lemma norm_le_form_norm_mult_prod:
  assumes cont: "continuous_on UNIV T" and k: "0 < k"
  shows "norm (T w) \<le> form_norm k T * (\<Prod>i<k. norm (w i))"
proof (cases "\<exists>i<k. w i = 0")
  case True
  then have "T w = 0" using multilinear_form_zero_slot by blast
  moreover have "0 \<le> form_norm k T"
    using norm_le_form_norm[OF cont k, of "\<lambda>_. 0"] by (simp add: order_trans[OF norm_ge_zero])
  ultimately show ?thesis by (simp add: prod_nonneg)
next
  case False
  define c where "c = (\<lambda>m. 1 / norm (w m))"
  have P: "(\<Prod>i<k. norm (w i)) > 0" using False by (intro prod_pos) simp
  have "T (\<lambda>m. if m \<in> {..<k} then c m *\<^sub>R w m else w m) = (\<Prod>m<k. of_real (c m)) * T w"
    by (rule multilinear_form_scaleR_slots) simp_all
  moreover have "norm (T (\<lambda>m. if m \<in> {..<k} then c m *\<^sub>R w m else w m)) \<le> form_norm k T"
    using False by (intro norm_le_form_norm[OF cont k]) (simp add: c_def)
  moreover have "norm (\<Prod>m<k. (of_real (c m) :: 's)) = (\<Prod>m<k. c m)"
    by (simp add: prod_norm[symmetric] c_def del: of_real_divide)
  moreover have "(\<Prod>m<k. c m) = 1 / (\<Prod>i<k. norm (w i))"
    by (simp add: c_def prod_dividef)
  ultimately have "norm (T w) / (\<Prod>i<k. norm (w i)) \<le> form_norm k T"
    by (simp add: norm_mult)
  then show ?thesis using P by (simp add: pos_divide_le_eq)
qed

end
━━━━━━━━━━━━━━━━
What is being asked
From the line with "(\<Prod>m<k. (of_real (c" to the final line of the data above, please reproduce every line exactly and add nothing.

Reply to the task
  moreover have "norm (\<Prod>m<k. (of_real (c m) :: 's)) = (\<Prod>m<k. c m)"
    by (simp add: prod_norm[symmetric] c_def del: of_real_divide)
  moreover have "(\<Prod>m<k. c m) = 1 / (\<Prod>i<k. norm (w i))"
    by (simp add: c_def prod_dividef)
  ultimately have "norm (T w) / (\<Prod>i<k. norm (w i)) \<le> form_norm k T"
    by (simp add: norm_mult)
  then show ?thesis using P by (simp add: pos_divide_le_eq)
qed

end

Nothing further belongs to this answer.